=== Records to use ===

lemma xh_Suc_power_equiv:
  assumes i: "i \<in> {1..<d}"
  shows "xh (i + 1) ^ l
    \<approx>[int l - 2] sh i * xh i ^ l * sh i + power_linear_term (xh (i + 1)) (xh_Suc_defect i) l"
proof -
  let ?u = "xh_Suc_defect i"
  have "xh (i + 1) - ?u \<doteq> sh i * xh i * sh i"
    using Sf_eq_diff[OF xh_Suc_Sf_eq[OF i] Sf_eq_refl, of ?u] by simp
  then have x_u: "(xh (i + 1) - ?u) ^ l \<doteq> sh i * xh i ^ l * sh i"
    by (rule Sf_eq_trans[OF Sf_eq_power Sf_eq_conj_power[OF Sf_eq_sh_sh[OF i]]])
  have "xh (i + 1) ^ l = (xh (i + 1) ^ l + power_linear_term (xh (i + 1)) (- ?u) l)
      + power_linear_term (xh (i + 1)) ?u l"
    by (simp add: power_linear_term_uminus)
  also have "\<dots> \<approx>[int l - 2] (xh (i + 1) + - ?u) ^ l + power_linear_term (xh (i + 1)) ?u l"
    by (intro Sf.equiv_mod_add Sf.equiv_mod_refl Sf.equiv_mod_sym[OF Sf.power_add_equiv_mod] in_F_xh
        Sf.uminus_mem in_F_xh_Suc_defect)
  also have "\<dots> \<doteq> sh i * xh i ^ l * sh i + power_linear_term (xh (i + 1)) ?u l"
    using x_u by (intro Sf_eq_add Sf_eq_refl) simp
  finally show ?thesis .
qed

lemma xh_power_equiv_sum_pair_elem:
  assumes "degree f = l" "lead_coeff f = 1" "\<And>k. coeff f k \<noteq> 0 \<Longrightarrow> even (l + k)"
  shows "n \<in> {1..d} \<Longrightarrow> xh n ^ l \<approx>[int l - 2] (\<Sum>j\<in>{1..<n}. pair_elem d l n j)"
proof (induct n)
  case 0 then show ?case by simp
next
  case (Suc n)
  show ?case
  proof (cases "n = 0")
    case True
    then show ?thesis using xh_one_power_mem[OF assms] by (simp add: Sf.equiv_mod_def)
  next
    case False
    with Suc.prems have n: "n \<in> {1..<d}" by auto
    let ?Y = "\<Sum>j\<in>{1..<n}. pair_elem d l n j" and ?T = "power_linear_term (xh (n + 1)) (xh_Suc_defect n) l"
    from Suc.hyps n have IH: "xh n ^ l \<approx>[int l - 2] ?Y" by simp
    have "xh (n + 1) ^ l \<approx>[int l - 2] sh n * xh n ^ l * sh n + ?T"
      by (rule xh_Suc_power_equiv[OF n])
    also have "\<dots> \<approx>[int l - 2] sh n * ?Y * sh n + ?T"
      using Sf.equiv_mod_add[OF Sf.equiv_mod_rmult[OF Sf.equiv_mod_lmult[OF in_F_sh IH] in_F_sh]
          Sf.equiv_mod_refl] by simp
    also have "sh n * ?Y * sh n = (\<Sum>j\<in>{1..<n}. sh n * pair_elem d l n j * sh n)"
      by (simp add: sum_distrib_left sum_distrib_right)
    also have "\<dots> + ?T \<approx>[int l - 2] (\<Sum>j\<in>{1..<n}. pair_elem d l (n + 1) j) + pair_elem d l (n + 1) n"
      using n
      by (intro Sf.equiv_mod_add Sf.equiv_mod_sum conj_pair_elem linear_term_equiv_pair_elem) auto
    also have "\<dots> = (\<Sum>j\<in>{1..<Suc n}. pair_elem d l (Suc n) j)"
      using n by (simp add: atLeastLessThanSuc add.commute)
    finally show ?thesis by simp
  qed
qed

===

Try it » Reproduce the full set of records precisely.

Result of this task »
lemma xh_Suc_power_equiv:
  assumes i: "i \<in> {1..<d}"
  shows "xh (i + 1) ^ l
    \<approx>[int l - 2] sh i * xh i ^ l * sh i + power_linear_term (xh (i + 1)) (xh_Suc_defect i) l"
proof -
  let ?u = "xh_Suc_defect i"
  have "xh (i + 1) - ?u \<doteq> sh i * xh i * sh i"
    using Sf_eq_diff[OF xh_Suc_Sf_eq[OF i] Sf_eq_refl, of ?u] by simp
  then have x_u: "(xh (i + 1) - ?u) ^ l \<doteq> sh i * xh i ^ l * sh i"
    by (rule Sf_eq_trans[OF Sf_eq_power Sf_eq_conj_power[OF Sf_eq_sh_sh[OF i]]])
  have "xh (i + 1) ^ l = (xh (i + 1) ^ l + power_linear_term (xh (i + 1)) (- ?u) l)
      + power_linear_term (xh (i + 1)) ?u l"
    by (simp add: power_linear_term_uminus)
  also have "\<dots> \<approx>[int l - 2] (xh (i + 1) + - ?u) ^ l + power_linear_term (xh (i + 1)) ?u l"
    by (intro Sf.equiv_mod_add Sf.equiv_mod_refl Sf.equiv_mod_sym[OF Sf.power_add_equiv_mod] in_F_xh
        Sf.uminus_mem in_F_xh_Suc_defect)
  also have "\<dots> \<doteq> sh i * xh i ^ l * sh i + power_linear_term (xh (i + 1)) ?u l"
    using x_u by (intro Sf_eq_add Sf_eq_refl) simp
  finally show ?thesis .
qed

lemma xh_power_equiv_sum_pair_elem:
  assumes "degree f = l" "lead_coeff f = 1" "\<And>k. coeff f k \<noteq> 0 \<Longrightarrow> even (l + k)"
  shows "n \<in> {1..d} \<Longrightarrow> xh n ^ l \<approx>[int l - 2] (\<Sum>j\<in>{1..<n}. pair_elem d l n j)"
proof (induct n)
  case 0 then show ?case by simp
next
  case (Suc n)
  show ?case
  proof (cases "n = 0")
    case True
    then show ?thesis using xh_one_power_mem[OF assms] by (simp add: Sf.equiv_mod_def)
  next
    case False
    with Suc.prems have n: "n \<in> {1..<d}" by auto
    let ?Y = "\<Sum>j\<in>{1..<n}. pair_elem d l n j" and ?T = "power_linear_term (xh (n + 1)) (xh_Suc_defect n) l"
    from Suc.hyps n have IH: "xh n ^ l \<approx>[int l - 2] ?Y" by simp
    have "xh (n + 1) ^ l \<approx>[int l - 2] sh n * xh n ^ l * sh n + ?T"
      by (rule xh_Suc_power_equiv[OF n])
    also have "\<dots> \<approx>[int l - 2] sh n * ?Y * sh n + ?T"
      using Sf.equiv_mod_add[OF Sf.equiv_mod_rmult[OF Sf.equiv_mod_lmult[OF in_F_sh IH] in_F_sh]
          Sf.equiv_mod_refl] by simp
    also have "sh n * ?Y * sh n = (\<Sum>j\<in>{1..<n}. sh n * pair_elem d l n j * sh n)"
      by (simp add: sum_distrib_left sum_distrib_right)
    also have "\<dots> + ?T \<approx>[int l - 2] (\<Sum>j\<in>{1..<n}. pair_elem d l (n + 1) j) + pair_elem d l (n + 1) n"
      using n
      by (intro Sf.equiv_mod_add Sf.equiv_mod_sum conj_pair_elem linear_term_equiv_pair_elem) auto
    also have "\<dots> = (\<Sum>j\<in>{1..<Suc n}. pair_elem d l (Suc n) j)"
      using n by (simp add: atLeastLessThanSuc add.commute)
    finally show ?thesis by simp
  qed
qed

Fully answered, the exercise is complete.